There is great demand for developers with Python expertise in both industry and academic research.
Python is currently one of the most popular programming languages, even reaching the number one spot in IEEE Spectrum magazine's survey of the top 10 programming languages (https://spectrum.ieee.org/at-work/innovation/the-2018-top-programming-languages).
Python is an open source project, with the entire source code for the Python programming language being freely available under the GNU GPL Version 2 license. This licensing mechanism has allowed Python to be used, modified, and even extended in a number of other projects, including the Linux operating system, supporting NASA (https://www.python.org/about/success/usa/), and a plethora of other libraries and projects that have provided additional functionality, choice, and flexibility to the Python programming language. In our opinion, this flexibility is one of the key components that has made Python so popular.
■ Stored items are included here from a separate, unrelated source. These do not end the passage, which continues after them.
lemma psd_pivot_row_rank_one:
  assumes I: "finite I" "j \<notin> I" and sym: "\<And>b. b \<in> I \<Longrightarrow> X j b = X b j"
    and psd: "\<And>x. 0 \<le> qform (insert j I) X x"
    and ab: "a \<in> insert j I" "b \<in> insert j I" "a = j \<or> b = j"
  shows "X a b = X a j * X b j / X j j"
proof (cases "X j j = 0")
  case True
  have "X c j = 0" if "c \<in> insert j I" for c
    using psd_zero_diag_imp_zero_column[OF I _ sym psd True] True that by blast
  moreover have "X j c = 0" if "c \<in> I" for c using calculation sym that by simp
  ultimately have "X a b = 0" using ab by auto
  then show ?thesis using True by simp
next
  case False
  show ?thesis
  proof (cases "a = j")
    case True
    then show ?thesis using ab sym False by (cases "b = j") auto
  next
    case False
    then show ?thesis using ab \<open>X j j \<noteq> 0\<close> by auto
  qed
qed

lemma psd_gram_factorization:
  assumes "finite I" and "\<forall>a\<in>I. \<forall>b\<in>I. X a b = X b a" and "\<forall>x. 0 \<le> qform I X x"
  shows "\<exists>U. \<forall>a\<in>I. \<forall>b\<in>I. X a b = gram I U a b"
  using assms
proof (induction I arbitrary: X rule: finite_induct)
  case empty
  then show ?case by simp
next
  case (insert j I)
  have sym: "\<And>b. b \<in> I \<Longrightarrow> X j b = X b j" using insert.prems(1) by blast
  have psd: "\<And>x. 0 \<le> qform (insert j I) X x" using insert.prems(2) by blast
  define v where "v a = X a j / sqrt (X j j)" for a
  have "0 \<le> X j j" using psd_diag_nonneg[of "insert j I" j X] insert.hyps psd by simp
  then have vv: "v a * v b = X a j * X b j / X j j" for a b
    unfolding v_def by (simp add: real_sqrt_mult[symmetric])
  have v_edge: "X a b = v a * v b" if "a \<in> insert j I" "b \<in> insert j I" "a = j \<or> b = j" for a b
    unfolding vv by (rule psd_pivot_row_rank_one[OF insert.hyps(1,2) sym psd that])
  have "\<exists>U'. \<forall>a\<in>I. \<forall>b\<in>I. X a b - v a * v b = gram I U' a b"
  proof (rule insert.IH; intro ballI allI)
    show "X a b - v a * v b = X b a - v b * v a" if "a \<in> I" "b \<in> I" for a b
      using insert.prems(1) that by simp
    show "0 \<le> qform I (\<lambda>a b. X a b - v a * v b) x" for x
      unfolding vv by (rule schur_complement_psd[OF insert.hyps(1,2) sym psd])
  qed
  then obtain U' where U': "\<forall>a\<in>I. \<forall>b\<in>I. X a b - v a * v b = gram I U' a b" ..
  define U where "U a k = (if k = j then v a else if a = j then 0 else U' a k)" for a k
  have "X a b = gram (insert j I) U a b" if ab: "a \<in> insert j I" "b \<in> insert j I" for a b
  proof -
    have "(\<Sum>k\<in>I. U a k * U b k) = (if a = j \<or> b = j then 0 else gram I U' a b)"
      using insert.hyps unfolding gram_def U_def by (auto intro!: sum.cong sum.neutral)
    then have "gram (insert j I) U a b = v a * v b + (if a = j \<or> b = j then 0 else gram I U' a b)"
      using insert.hyps unfolding gram_def U_def by simp
    moreover have "X a b = v a * v b + (if a = j \<or> b = j then 0 else gram I U' a b)"
      using v_edge[OF ab] U' ab by (cases "a = j \<or> b = j") (auto simp: diff_eq_eq)
    ultimately show ?thesis by simp
  qed
  then show ?case by blast
qed

lemma psd_qform_zero_imp_mat_vec_zero:
  assumes sym: "\<forall>a\<in>{1..n}. \<forall>b\<in>{1..n}. M a b = M b a" and "psd n M"
    and zero: "qform {1..n} M y = 0" and a: "a \<in> {1..n}"
  shows "mat_vec n M y a = 0"
proof -
  obtain V where V: "\<forall>a\<in>{1..n}. \<forall>b\<in>{1..n}. M a b = gram {1..n} V a b"
    using psd_gram_factorization[of "{1..n}" M] sym \<open>psd n M\<close> unfolding psd_iff_qform by auto
  have "qform {1..n} M y = qform {1..n} (gram {1..n} V) y"
    unfolding qform_def using V by (intro sum.cong refl) (auto simp: sum_distrib_left)
  then have col: "(\<Sum>b=1..n. y b * V b k) = 0" if "k \<in> {1..n}" for k
    using that zero unfolding qform_gram by (simp add: sum_nonneg_eq_0_iff)
  have "mat_vec n M y a = (\<Sum>b=1..n. \<Sum>k=1..n. V a k * (y b * V b k))"
    unfolding mat_vec_def using V a
    by (intro sum.cong refl) (simp add: gram_def sum_distrib_left sum_distrib_right algebra_simps)
  also have "\<dots> = (\<Sum>k=1..n. V a k * (\<Sum>b=1..n. y b * V b k))"
    by (subst sum.swap) (simp add: sum_distrib_left)
  finally show ?thesis using col by simp
qed

lemma mat_vec_linear_combination:
  "mat_vec n A (\<lambda>i. \<Sum>k=1..n. p k * u i k) a = (\<Sum>k=1..n. p k * mat_vec n A (\<lambda>i. u i k) a)"
proof -
  have "mat_vec n A (\<lambda>i. \<Sum>k=1..n. p k * u i k) a = (\<Sum>b=1..n. \<Sum>k=1..n. p k * (A a b * u b k))"
    unfolding mat_vec_def sum_distrib_left by (intro sum.cong refl) (simp add: algebra_simps)
  also have "\<dots> = (\<Sum>k=1..n. \<Sum>b=1..n. p k * (A a b * u b k))" by (rule sum.swap)
  finally show ?thesis unfolding mat_vec_def sum_distrib_left .
qed

section \<open>Positive semidefiniteness on the complement of the constant vector\<close>

lemma qform_shift:
  assumes "finite I"
  shows "qform I (\<lambda>a b. A a b + m - l * (if a = b then 1 else 0)) x =
    qform I A x + m * (\<Sum>a\<in>I. x a)\<^sup>2 - l * (\<Sum>a\<in>I. (x a)\<^sup>2)"
proof -
  have "qform I (\<lambda>a b. A a b + m - l * (if a = b then 1 else 0)) x =
      qform I A x + m * qform I (\<lambda>_ _. 1) x - l * qform I (\<lambda>a b. if a = b then 1 else 0) x"
    unfolding qform_def by (simp add: algebra_simps sum.distrib sum_subtractf sum_distrib_left)
  moreover have "qform I (\<lambda>a b. if a = b then 1 else 0) x = (\<Sum>a\<in>I. (x a)\<^sup>2)"
    unfolding qform_def using assms
    by (simp add: power2_eq_square if_distrib[of "\<lambda>c. _ * c"] if_distrib[of "\<lambda>c. c * _"] sum.delta cong: if_cong)
  ultimately show ?thesis unfolding qform_ones by simp
qed

lemma mat_inner_shift:
  assumes "finite I"
  shows "mat_inner I (\<lambda>a b. A a b + m - l * (if a = b then 1 else 0)) X =
    mat_inner I A X + m * mat_inner I (\<lambda>_ _. 1) X - l * (\<Sum>a\<in>I. X a a)"
proof -
  have "mat_inner I (\<lambda>a b. A a b + m - l * (if a = b then 1 else 0)) X =
      mat_inner I A X + m * mat_inner I (\<lambda>_ _. 1) X - l * mat_inner I (\<lambda>a b. if a = b then 1 else 0) X"
    unfolding mat_inner_def by (simp add: algebra_simps sum.distrib sum_subtractf sum_distrib_left)
  moreover have "mat_inner I (\<lambda>a b. if a = b then 1 else 0) X = (\<Sum>a\<in>I. X a a)"
    unfolding mat_inner_def using assms by (simp add: sum_delta_mult)
  ultimately show ?thesis by simp
qed

lemma mat_vec_shift:
  assumes "a \<in> {1..n}"
  shows "mat_vec n (\<lambda>a b. A a b + m - l * (if a = b then 1 else 0)) y a =
    mat_vec n A y a + m * (\<Sum>b=1..n. y b) - l * y a"
proof -
  have "mat_vec n (\<lambda>a b. A a b + m - l * (if a = b then 1 else 0)) y a =
      mat_vec n A y a + m * (\<Sum>b=1..n. y b) - l * mat_vec n (\<lambda>a b. if a = b then 1 else 0) y a"
    unfolding mat_vec_def by (simp add: algebra_simps sum.distrib sum_subtractf sum_distrib_left)
  moreover have "mat_vec n (\<lambda>a b. if a = b then 1 else 0) y a = y a"
    unfolding mat_vec_def using assms by (simp add: sum_delta_mult)
  ultimately show ?thesis by simp
qed

lemma qform_translate:
  assumes sym: "\<And>a b. a \<in> I \<Longrightarrow> b \<in> I \<Longrightarrow> A a b = A b a"
    and row: "\<And>a. a \<in> I \<Longrightarrow> (\<Sum>b\<in>I. A a b) = 0"
  shows "qform I A (\<lambda>a. x a + m) = qform I A x"
proof -
  have Ax: "(\<Sum>b\<in>I. A a b * (x b + m)) = (\<Sum>b\<in>I. A a b * x b)" if "a \<in> I" for a
    using row[OF that] by (simp add: distrib_left sum.distrib sum_distrib_right[symmetric])
  have col: "(\<Sum>a\<in>I. A a b) = 0" if "b \<in> I" for b
  proof -
    have "(\<Sum>a\<in>I. A a b) = (\<Sum>a\<in>I. A b a)" using that by (auto intro: sum.cong sym)
    then show ?thesis using row[OF that] by simp
  qed
  have "(\<Sum>a\<in>I. \<Sum>b\<in>I. A a b * x b) = (\<Sum>b\<in>I. x b * (\<Sum>a\<in>I. A a b))"
    by (subst sum.swap) (simp add: sum_distrib_left mult.commute)
  then have zero: "(\<Sum>a\<in>I. \<Sum>b\<in>I. A a b * x b) = 0" using col by simp
  have "qform I A (\<lambda>a. x a + m) = (\<Sum>a\<in>I. (x a + m) * (\<Sum>b\<in>I. A a b * (x b + m)))"
    unfolding qform_def by (simp add: sum_distrib_left mult.assoc)
  also have "\<dots> = (\<Sum>a\<in>I. (x a + m) * (\<Sum>b\<in>I. A a b * x b))"
    by (intro sum.cong refl) (simp add: Ax)
  also have "\<dots> = qform I A x + m * (\<Sum>a\<in>I. \<Sum>b\<in>I. A a b * x b)"
    unfolding qform_def by (simp add: distrib_right sum.distrib sum_distrib_left algebra_simps)
  finally show ?thesis using zero by simp
qed

(* Gram matrices of embeddings normalised as in the embedding problem: trace one and columns
   summing to zero. *)
definition centred_density :: "nat \<Rightarrow> (nat \<Rightarrow> nat \<Rightarrow> real) \<Rightarrow> bool" where
  "centred_density n X \<longleftrightarrow>
     (\<forall>a\<in>{1..n}. \<forall>b\<in>{1..n}. X a b = X b a) \<and> psd n X \<and>
     mat_inner {1..n} (\<lambda>_ _. 1) X = 0 \<and> (\<Sum>a=1..n. X a a) = 1"

definition mix :: "real \<Rightarrow> ('a \<Rightarrow> 'a \<Rightarrow> real) \<Rightarrow> ('a \<Rightarrow> 'a \<Rightarrow> real) \<Rightarrow> 'a \<Rightarrow> 'a \<Rightarrow> real" where
  "mix s X Y a b = (1 - s) * X a b + s * Y a b"

lemma mat_inner_mix: "mat_inner I A (mix s X Y) = (1 - s) * mat_inner I A X + s * mat_inner I A Y"
proof -
  have "mat_inner I A (mix s X Y) = (\<Sum>a\<in>I. \<Sum>b\<in>I. (1 - s) * (A a b * X a b) + s * (A a b * Y a b))"
    unfolding mat_inner_def mix_def by (simp add: algebra_simps)
  then show ?thesis unfolding mat_inner_def by (simp only: sum.distrib sum_distrib_left)
qed

lemma qform_mix: "qform I (mix s X Y) x = (1 - s) * qform I X x + s * qform I Y x"
proof -
  have "qform I (mix s X Y) x = (\<Sum>a\<in>I. \<Sum>b\<in>I. (1 - s) * (x a * X a b * x b) + s * (x a * Y a b * x b))"
    unfolding qform_def mix_def by (simp add: algebra_simps)
  then show ?thesis unfolding qform_def by (simp only: sum.distrib sum_distrib_left)
qed

lemma convex_under_centred_density: "convex_under {X. centred_density n X} mix"
  unfolding convex_under_def
proof (intro allI impI, unfold mem_Collect_eq)
  fix s :: real and X Y
  assume X: "centred_density n X" and Y: "centred_density n Y" and s: "0 \<le> s" "s \<le> 1"
  have "(\<Sum>a=1..n. mix s X Y a a) = (1 - s) * (\<Sum>a=1..n. X a a) + s * (\<Sum>a=1..n. Y a a)"
    unfolding mix_def by (simp add: sum.distrib sum_distrib_left)
  moreover have "0 \<le> qform {1..n} (mix s X Y) x" for x
    using X Y s unfolding qform_mix centred_density_def psd_iff_qform by simp
  ultimately show "centred_density n (mix s X Y)"
    using X Y unfolding centred_density_def mat_inner_mix psd_iff_qform by (simp add: mix_def)
qed

lemma rayleigh_bound_of_density_bound:
  assumes bound: "\<And>X. centred_density n X \<Longrightarrow> lam \<le> mat_inner {1..n} A X"
    and centred: "(\<Sum>a=1..n. x a) = 0"
  shows "lam * (\<Sum>a=1..n. (x a)\<^sup>2) \<le> qform {1..n} A x"
proof (cases "(\<Sum>a=1..n. (x a)\<^sup>2) = 0")
  case True
  then have "x a = 0" if "a \<in> {1..n}" for a using that by (simp add: sum_nonneg_eq_0_iff)
  then have "qform {1..n} A x = 0" unfolding qform_def by simp
  then show ?thesis using True by simp
next
  case False
  define r where "r = (\<Sum>a=1..n. (x a)\<^sup>2)"
  have r: "0 < r" using False unfolding r_def by (simp add: order_le_neq_trans sum_nonneg)
  define X where "X a b = x a * x b / r" for a b
  have X_inner: "mat_inner {1..n} B X = qform {1..n} B x / r" for B
    unfolding qform_eq_mat_inner mat_inner_def X_def sum_divide_distrib by (simp add: mult.assoc)
  have "centred_density n X"
    unfolding centred_density_def psd_iff_qform
  proof (intro conjI ballI allI)
    show "X a b = X b a" for a b unfolding X_def by (simp add: mult.commute)
    show "0 \<le> qform {1..n} X y" for y
    proof -
      have "qform {1..n} X y = qform {1..n} (\<lambda>a b. x a * x b) y / r"
        unfolding qform_def X_def sum_divide_distrib by simp
      then show ?thesis using r unfolding qform_outer by simp
    qed
    show "mat_inner {1..n} (\<lambda>_ _. 1) X = 0" unfolding X_inner qform_ones centred by simp
    show "(\<Sum>a=1..n. X a a) = 1"
      using r unfolding X_def r_def sum_divide_distrib[symmetric] by (simp add: power2_eq_square)
  qed
  then have "lam \<le> qform {1..n} A x / r" using bound[of X] X_inner[of A] by simp
  then show ?thesis using r unfolding r_def[symmetric] by (simp add: field_simps)
qed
Python provides a common set of features that can be used to run a web server, a microservice on an embedded device, or to leverage the power of graphical processing units to perform precise calculations on large datasets.
Using Python and a handful of specific libraries (or packages, as they are known in Python), an entire machine learning product can be developed—starting with exploratory data analysis, model definition, and refinement, through to API construction and deployment. All of these steps can be completed within Python to build an end-to-end solution. This is the significant advantage Python has over some of its competitors, particularly within the data science and machine learning space. While R and Julia have the advantage of being specifically designed for numerical and statistical computing, models developed in these languages typically require translation into some other language before they can be deployed in a production setting.

We hope that, through this book, you will gain an understanding of the flexibility and power of the Python programming language and will start on the path of developing end-to-end supervised learning solutions in Python. So, let's get started.